Source material Start Marker
lemma norm_deriv_diff_le:
  fixes f g :: "complex \<Rightarrow> complex"
  assumes r: "0 < r"
    and holo: "f holomorphic_on ball z r" "g holomorphic_on ball z r"
    and cont: "continuous_on (cball z r) f" "continuous_on (cball z r) g"
    and bound: "\<And>\<zeta>. norm (z - \<zeta>) = r \<Longrightarrow> norm (f \<zeta> - g \<zeta>) \<le> B"
  shows "norm (deriv f z - deriv g z) \<le> B / r"
proof -
  have "norm ((deriv ^^ 1) (\<lambda>\<zeta>. f \<zeta> - g \<zeta>) z) \<le> fact 1 * B / r ^ 1"
    using holo cont by (intro Cauchy_inequality[OF _ _ r] holomorphic_intros continuous_intros bound)
  moreover have "deriv (\<lambda>\<zeta>. f \<zeta> - g \<zeta>) z = deriv f z - deriv g z"
    using holo r by (intro deriv_diff holomorphic_on_imp_differentiable_at) auto
  ultimately show ?thesis
    by simp
qed

lemma tendsto_deriv_of_continuous_holomorphic:
  fixes F :: "real \<Rightarrow> complex \<Rightarrow> complex"
  assumes r: "0 < r" and \<delta>: "0 < \<delta>"
    and cont: "continuous_on (cball a \<delta> \<times> cball z r) (\<lambda>p. F (fst p) (snd p))"
    and holo: "\<And>\<alpha>. \<alpha> \<in> cball a \<delta> \<Longrightarrow> F \<alpha> holomorphic_on ball z r"
  shows "((\<lambda>\<alpha>. deriv (F \<alpha>) z) \<longlongrightarrow> deriv (F a) z) (at a)"
proof (rule tendstoI)
  fix e :: real assume e: "e > 0"
  let ?\<Omega> = "cball a \<delta> \<times> cball z r"
  have "uniformly_continuous_on ?\<Omega> (\<lambda>p. F (fst p) (snd p))"
    by (intro compact_uniformly_continuous cont compact_Times compact_cball)
  then obtain \<eta> where \<eta>: "\<eta> > 0" and \<eta>P: "\<And>x x'. x \<in> ?\<Omega> \<Longrightarrow> x' \<in> ?\<Omega> \<Longrightarrow> dist x' x < \<eta> \<Longrightarrow>
      dist (F (fst x') (snd x')) (F (fst x) (snd x)) < e * r / 2"
    unfolding uniformly_continuous_on_def using e r by (metis half_gt_zero mult_pos_pos)
  have cont_slice: "continuous_on (cball z r) (F \<beta>)" if "\<beta> \<in> cball a \<delta>" for \<beta>
  proof -
    have "Pair \<beta> ` cball z r \<subseteq> ?\<Omega>"
      using that by auto
    then show ?thesis
      using continuous_on_compose2[OF cont continuous_on_Pair[OF continuous_on_const continuous_on_id]]
      by simp
  qed
  have "dist (deriv (F \<alpha>) z) (deriv (F a) z) < e" if \<alpha>: "dist \<alpha> a < min \<eta> \<delta>" for \<alpha>
  proof -
    have \<alpha>\<delta>: "\<alpha> \<in> cball a \<delta>" "a \<in> cball a \<delta>"
      using \<alpha> \<delta> by (auto simp: dist_commute)
    have "norm (F \<alpha> \<zeta> - F a \<zeta>) \<le> e * r / 2" if "norm (z - \<zeta>) = r" for \<zeta>
    proof -
      have "(\<alpha>, \<zeta>) \<in> ?\<Omega>" "(a, \<zeta>) \<in> ?\<Omega>"
        using that \<alpha>\<delta> by (auto simp: dist_norm)
      moreover have "dist (\<alpha>, \<zeta>) (a, \<zeta>) < \<eta>"
        using \<alpha> by (simp add: dist_Pair_Pair)
      ultimately show ?thesis
        using \<eta>P by (fastforce simp: dist_norm)
    qed
    then have "norm (deriv (F \<alpha>) z - deriv (F a) z) \<le> e * r / 2 / r"
      using \<alpha>\<delta> by (intro norm_deriv_diff_le r holo cont_slice)
    then show ?thesis
      using r e by (simp add: dist_norm)
  qed
  then show "\<forall>\<^sub>F \<alpha> in at a. dist (deriv (F \<alpha>) z) (deriv (F a) z) < e"
    unfolding eventually_at using \<eta> \<delta> by (intro exI[of _ "min \<eta> \<delta>"]) auto
qed

section \<open>The binomial series for the trace of a complex power\<close>

locale alpha_z_setting =
  fixes \<sigma> \<rho> :: "complex^'n^'n" and z :: real
  assumes density: "density_operator \<rho>" and psd_\<sigma>: "psd \<sigma>"
    and ker_\<sigma>_\<rho>: "ker \<sigma> \<subseteq> ker \<rho>" and z_nonzero: "z \<noteq> 0"
begin

lemma psd_\<rho>: "psd \<rho>"
  using density by (simp add: density_operator_def)

lemma hermitian_\<rho>: "hermitian \<rho>"
  using psd_\<rho> by (rule psd_hermitian)

abbreviation r :: "'n \<Rightarrow> real" where
  "r \<equiv> eigvals \<rho>"

abbreviation V :: "complex^'n^'n" where
  "V \<equiv> eigvecs \<rho>"

abbreviation P :: "complex^'n^'n" where
  "P \<equiv> mpowc \<rho> 0"

lemma sum_eigvals_\<rho>: "(\<Sum>i\<in>UNIV. r i) = 1"
proof -
  have "complex_of_real (\<Sum>i\<in>UNIV. r i) = trace \<rho>"
    using trace_matfun[OF hermitian_\<rho>, of of_real] by (simp add: matfun_of_real[OF hermitian_\<rho>])
  then show ?thesis
    using density by (simp add: density_operator_def) (metis of_real_eq_1_iff of_real_sum)
qed

text \<open>The factor that puts the eigenvalues of \<open>\<rho>\<^sup>1\<^sup>/\<^sup>z\<close> into \<open>(0, 1]\<close>.\<close>
definition spectral_scale :: real where
  "spectral_scale = 1 / Max ((\<lambda>i. r i powr (1 / z)) ` {i. r i > 0})"

lemma spectral_scale_eigvals:
  assumes "r i > 0"
  shows "0 < spectral_scale * r i powr (1 / z)" "spectral_scale * r i powr (1 / z) \<le> 1"
proof -
  define M where "M = Max ((\<lambda>i. r i powr (1 / z)) ` {i. r i > 0})"
  have le: "r i powr (1 / z) \<le> M"
    unfolding M_def using assms by (intro Max_ge) auto
  moreover have pos: "r i powr (1 / z) > 0"
    using assms by simp
  ultimately have "0 < M"
    by linarith
  then show "0 < spectral_scale * r i powr (1 / z)" "spectral_scale * r i powr (1 / z) \<le> 1"
    using divide_pos_pos[OF pos \<open>0 < M\<close>] divide_le_eq_1_pos[OF \<open>0 < M\<close>] le
    by (simp_all add: spectral_scale_def M_def[symmetric])
qed

lemma spectral_scale_pos: "spectral_scale > 0"
proof -
  obtain i where "r i > 0"
    using sum_eigvals_\<rho> psd_eigvals_nonneg[OF psd_\<rho>]
    by (metis less_eq_real_def sum.neutral zero_neq_one)
  then show ?thesis
    using spectral_scale_eigvals(1) by (auto simp: zero_less_mult_iff)
qed

text \<open>The operator \<open>\<rho>\<^sup>\<alpha>\<^sup>/\<^sup>(\<^sup>2\<^sup>\<zeta>\<^sup>) \<sigma>\<^sup>(\<^sup>1\<^sup>-\<^sup>\<alpha>\<^sup>)\<^sup>/\<^sup>\<zeta> \<rho>\<^sup>\<alpha>\<^sup>/\<^sup>(\<^sup>2\<^sup>\<zeta>\<^sup>)\<close> has, for real \<open>\<zeta>\<close>, the same nonzero spectrum as
  the operator in the theorem, but unlike it, it is supported in the support \<open>P\<close> of \<open>\<rho>\<close>, and it is
  defined and holomorphic for complex \<open>\<zeta> \<noteq> 0\<close>.\<close>
definition Y :: "real \<Rightarrow> complex \<Rightarrow> complex^'n^'n" where
  "Y \<alpha> \<zeta> = mpowc \<rho> (of_real \<alpha> / (2 * \<zeta>)) ** mpowc \<sigma> (of_real (1 - \<alpha>) / \<zeta>) ** mpowc \<rho> (of_real \<alpha> / (2 * \<zeta>))"

definition T :: "real \<Rightarrow> complex \<Rightarrow> complex^'n^'n" where
  "T \<alpha> \<zeta> = spectral_scale *\<^sub>R Y \<alpha> \<zeta> - P"

definition moment :: "nat \<Rightarrow> real \<Rightarrow> complex \<Rightarrow> complex" where
  "moment n \<alpha> \<zeta> = trace (P ** matpow (T \<alpha> \<zeta>) n)"

text \<open>\<open>\<Psi> \<alpha> \<zeta> = spectral_scale\<^sup>-\<^sup>\<zeta> tr (P + T)\<^sup>\<zeta>\<close>, with the power expanded as a binomial series in \<open>T\<close>.\<close>
definition Psi :: "real \<Rightarrow> complex \<Rightarrow> complex" where
  "Psi \<alpha> \<zeta> = exp (- \<zeta> * of_real (ln spectral_scale)) * (\<Sum>n. (\<zeta> gchoose n) * moment n \<alpha> \<zeta>)"

lemma P_mult_P: "P ** P = P"
  using mpowc_add[OF hermitian_\<rho>, of 0 0] by simp

lemma P_mult_Y: "P ** Y \<alpha> \<zeta> = Y \<alpha> \<zeta>" and Y_mult_P: "Y \<alpha> \<zeta> ** P = Y \<alpha> \<zeta>"
  by (simp_all add: Y_def matrix_mul_assoc mpowc_add[OF hermitian_\<rho>])
    (simp add: matrix_mul_assoc[symmetric] mpowc_add[OF hermitian_\<rho>])

lemma Y_1: "\<zeta> \<noteq> 0 \<Longrightarrow> Y 1 \<zeta> = mpowc \<rho> (1 / \<zeta>)"
  using support_projection_absorbs_mpowc[OF psd_\<sigma> psd_\<rho> ker_\<sigma>_\<rho>]
  by (simp add: Y_def mpowc_add[OF hermitian_\<rho>] matrix_mul_assoc[symmetric])

lemma T_in_eigenbasis_at_1:
  fixes \<zeta> :: complex
  assumes "\<zeta> \<noteq> 0"
  shows "adj V ** T 1 \<zeta> ** V = cdiag (\<lambda>i. if r i > 0 then spectral_scale * exp (of_real (ln (r i)) / \<zeta>) - 1 else 0)"
proof -
  have "adj V ** T 1 \<zeta> ** V = spectral_scale *\<^sub>R (adj V ** mpowc \<rho> (1 / \<zeta>) ** V) - adj V ** P ** V"
    using assms by (simp add: T_def Y_1 matrix_diff_ldistrib matrix_diff_rdistrib
        matrix_scalar_ac scalar_matrix_assoc[symmetric])
  then show ?thesis
    by (simp add: mpowc_def matfun_in_eigenbasis[OF hermitian_\<rho>] cdiag_scaleR cdiag_diff if_distrib
        mult.commute cong: if_cong)
qed

lemma row_sum_norm_T_1_z: "row_sum_norm (adj V ** T 1 (of_real z) ** V) < 1"
proof -
  define m where "m i = (if r i > 0 then spectral_scale * r i powr (1 / z) - 1 else 0)" for i
  have "exp (ln (r i) / z) = r i powr (1 / z)" if "r i > 0" for i
    using that by (simp add: powr_def)
  then have "(if r i > 0 then of_real spectral_scale * exp (complex_of_real (ln (r i)) / of_real z) - 1
      else 0) = complex_of_real (m i)" for i
    by (simp add: m_def exp_of_real flip: of_real_divide)
  then have "adj V ** T 1 (of_real z) ** V = cdiag (\<lambda>i. of_real (m i))"
    using z_nonzero by (simp add: T_in_eigenbasis_at_1)
  moreover have "\<bar>m i\<bar> < 1" for i
    using spectral_scale_eigvals[of i] by (simp add: m_def)
  ultimately have "row_sum_norm (adj V ** T 1 (of_real z) ** V) \<le> Max (range (\<lambda>i. \<bar>m i\<bar>))"
    by (simp add: row_sum_norm_cdiag)
  also have "\<dots> < 1"
    using \<open>\<And>i. \<bar>m i\<bar> < 1\<close> by (simp add: Max_less_iff)
  finally show ?thesis .
qed

lemma norm_moment_le: "cmod (moment n \<alpha> \<zeta>) \<le> CARD('n) * row_sum_norm (adj V ** T \<alpha> \<zeta> ** V) ^ n"
proof -
  let ?T' = "adj V ** T \<alpha> \<zeta> ** V"
  have V: "unitary V"
    using eig_decomp(1)[OF hermitian_\<rho>] .
  have TV: "V ** ?T' ** adj V = T \<alpha> \<zeta>" and PV: "V ** (adj V ** P ** V) ** adj V = P"
    using unitary_conj_cancel[OF unitary_adj[OF V]] by simp_all
  have "matpow (T \<alpha> \<zeta>) n = V ** matpow ?T' n ** adj V"
    using matpow_unitary_conj[OF V, of ?T' n] unfolding TV .
  then have "P ** matpow (T \<alpha> \<zeta>) n = (V ** (adj V ** P ** V) ** adj V) ** (V ** matpow ?T' n ** adj V)"
    by (simp only: PV)
  also have "\<dots> = V ** (adj V ** P ** V ** matpow ?T' n) ** adj V"
    by (simp add: matrix_mul_assoc unitary_mult_cancel[OF V])
  finally have "moment n \<alpha> \<zeta> = trace (adj V ** P ** V ** matpow ?T' n)"
    by (simp add: moment_def trace_unitary_conj[OF V])
  then have "cmod (moment n \<alpha> \<zeta>) \<le> CARD('n) * row_sum_norm (adj V ** P ** V ** matpow ?T' n)"
    by (simp only: norm_trace_le_row_sum_norm)
  also have "row_sum_norm (adj V ** P ** V ** matpow ?T' n) \<le> 1 * row_sum_norm ?T' ^ n"
  proof (rule order_trans[OF row_sum_norm_mult], intro mult_mono row_sum_norm_matpow)
    show "row_sum_norm (adj V ** P ** V) \<le> 1"
      by (simp add: mpowc_def matfun_in_eigenbasis[OF hermitian_\<rho>] row_sum_norm_cdiag)
  qed (simp_all add: row_sum_norm_nonneg)
  finally show ?thesis
    by simp
qed

lemma mat_continuous_T_in_eigenbasis:
  "snd p \<noteq> 0 \<Longrightarrow> mat_continuous (at p) (\<lambda>p. adj V ** T (fst p) (snd p) ** V)"
  unfolding T_def Y_def
  by (intro mat_continuous_mult mat_continuous_const mat_continuous_diff mat_continuous_scaleR
      mat_continuous_mpowc continuous_intros) auto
Source material End Marker
Retype word for word everything in the listing above from the line that holds "then obtain \<eta>" down to the line that holds "(cball z r) (F". Keep both end lines and leave out the rest.

■ Response below ■
  then obtain \<eta> where \<eta>: "\<eta> > 0" and \<eta>P: "\<And>x x'. x \<in> ?\<Omega> \<Longrightarrow> x' \<in> ?\<Omega> \<Longrightarrow> dist x' x < \<eta> \<Longrightarrow>
      dist (F (fst x') (snd x')) (F (fst x) (snd x)) < e * r / 2"
    unfolding uniformly_continuous_on_def using e r by (metis half_gt_zero mult_pos_pos)
  have cont_slice: "continuous_on (cball z r) (F \<beta>)" if "\<beta> \<in> cball a \<delta>" for \<beta>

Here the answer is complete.